EXERCISE AIM
Where the data below has the string "rule", return the whole line.

============

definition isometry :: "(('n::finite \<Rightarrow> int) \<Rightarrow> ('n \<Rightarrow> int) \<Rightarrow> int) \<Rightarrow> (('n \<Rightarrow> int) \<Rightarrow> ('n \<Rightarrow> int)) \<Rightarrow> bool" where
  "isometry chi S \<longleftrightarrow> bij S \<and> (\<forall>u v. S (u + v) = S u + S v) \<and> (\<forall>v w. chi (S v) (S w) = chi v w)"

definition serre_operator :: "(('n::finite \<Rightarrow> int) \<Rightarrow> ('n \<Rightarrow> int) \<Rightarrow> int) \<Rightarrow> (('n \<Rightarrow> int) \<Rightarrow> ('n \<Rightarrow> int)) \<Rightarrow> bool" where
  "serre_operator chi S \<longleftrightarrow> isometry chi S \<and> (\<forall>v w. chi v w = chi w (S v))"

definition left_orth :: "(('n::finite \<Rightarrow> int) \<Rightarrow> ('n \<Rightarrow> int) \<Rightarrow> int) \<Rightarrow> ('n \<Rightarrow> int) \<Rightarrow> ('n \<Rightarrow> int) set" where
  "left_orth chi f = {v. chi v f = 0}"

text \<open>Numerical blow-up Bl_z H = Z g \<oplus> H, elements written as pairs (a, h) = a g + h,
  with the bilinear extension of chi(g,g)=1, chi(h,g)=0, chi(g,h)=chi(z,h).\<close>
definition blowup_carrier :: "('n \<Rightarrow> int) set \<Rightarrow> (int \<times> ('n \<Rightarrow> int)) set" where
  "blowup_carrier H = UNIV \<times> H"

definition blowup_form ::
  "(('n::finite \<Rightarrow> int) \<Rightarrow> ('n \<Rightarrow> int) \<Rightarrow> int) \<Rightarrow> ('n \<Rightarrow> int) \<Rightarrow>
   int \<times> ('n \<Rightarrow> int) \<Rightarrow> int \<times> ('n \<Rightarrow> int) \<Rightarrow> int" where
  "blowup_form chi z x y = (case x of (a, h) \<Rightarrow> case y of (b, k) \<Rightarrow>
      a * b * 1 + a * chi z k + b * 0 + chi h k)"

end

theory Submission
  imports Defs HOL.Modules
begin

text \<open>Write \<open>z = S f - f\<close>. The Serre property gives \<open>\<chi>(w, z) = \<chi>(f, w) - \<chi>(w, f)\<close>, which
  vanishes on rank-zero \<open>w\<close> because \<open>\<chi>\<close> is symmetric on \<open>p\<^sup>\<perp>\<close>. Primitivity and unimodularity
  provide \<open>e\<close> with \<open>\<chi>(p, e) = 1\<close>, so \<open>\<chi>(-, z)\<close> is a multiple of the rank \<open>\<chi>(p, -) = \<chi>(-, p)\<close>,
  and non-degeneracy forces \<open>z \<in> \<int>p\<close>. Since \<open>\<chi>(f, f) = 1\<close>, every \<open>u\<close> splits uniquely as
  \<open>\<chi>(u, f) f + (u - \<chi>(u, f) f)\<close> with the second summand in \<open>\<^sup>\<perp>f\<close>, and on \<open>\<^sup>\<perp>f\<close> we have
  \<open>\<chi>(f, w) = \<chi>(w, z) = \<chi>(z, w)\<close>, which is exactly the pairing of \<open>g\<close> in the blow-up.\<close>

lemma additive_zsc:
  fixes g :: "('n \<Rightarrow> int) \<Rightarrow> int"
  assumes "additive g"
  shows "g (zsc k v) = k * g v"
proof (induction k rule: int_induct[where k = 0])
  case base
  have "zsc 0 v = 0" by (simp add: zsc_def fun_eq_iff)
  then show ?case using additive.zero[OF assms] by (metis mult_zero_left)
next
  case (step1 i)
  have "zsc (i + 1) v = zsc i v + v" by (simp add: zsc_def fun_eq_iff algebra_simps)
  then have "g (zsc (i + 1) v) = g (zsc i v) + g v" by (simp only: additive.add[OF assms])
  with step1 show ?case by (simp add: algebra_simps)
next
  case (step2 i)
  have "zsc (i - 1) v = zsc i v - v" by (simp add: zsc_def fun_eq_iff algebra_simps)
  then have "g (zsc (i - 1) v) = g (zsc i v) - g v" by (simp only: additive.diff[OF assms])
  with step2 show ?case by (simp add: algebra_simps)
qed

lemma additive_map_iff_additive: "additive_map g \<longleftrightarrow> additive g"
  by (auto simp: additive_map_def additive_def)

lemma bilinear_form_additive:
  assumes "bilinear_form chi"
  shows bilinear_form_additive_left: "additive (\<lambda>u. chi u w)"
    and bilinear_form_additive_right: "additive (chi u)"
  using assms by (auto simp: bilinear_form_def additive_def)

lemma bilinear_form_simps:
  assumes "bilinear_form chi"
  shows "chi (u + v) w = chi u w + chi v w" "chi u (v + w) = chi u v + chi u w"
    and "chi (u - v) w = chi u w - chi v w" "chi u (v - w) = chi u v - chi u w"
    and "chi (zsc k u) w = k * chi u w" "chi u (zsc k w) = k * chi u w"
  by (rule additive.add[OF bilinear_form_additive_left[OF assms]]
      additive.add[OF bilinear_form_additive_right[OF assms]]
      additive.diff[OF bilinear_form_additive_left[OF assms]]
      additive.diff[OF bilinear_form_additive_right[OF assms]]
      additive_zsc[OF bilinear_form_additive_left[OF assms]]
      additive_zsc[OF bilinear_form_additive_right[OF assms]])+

============

EXPECTED OUTPUT
proof (induction k rule: int_induct[where k = 0])
  by (rule additive.add[OF bilinear_form_additive_left[OF assms]]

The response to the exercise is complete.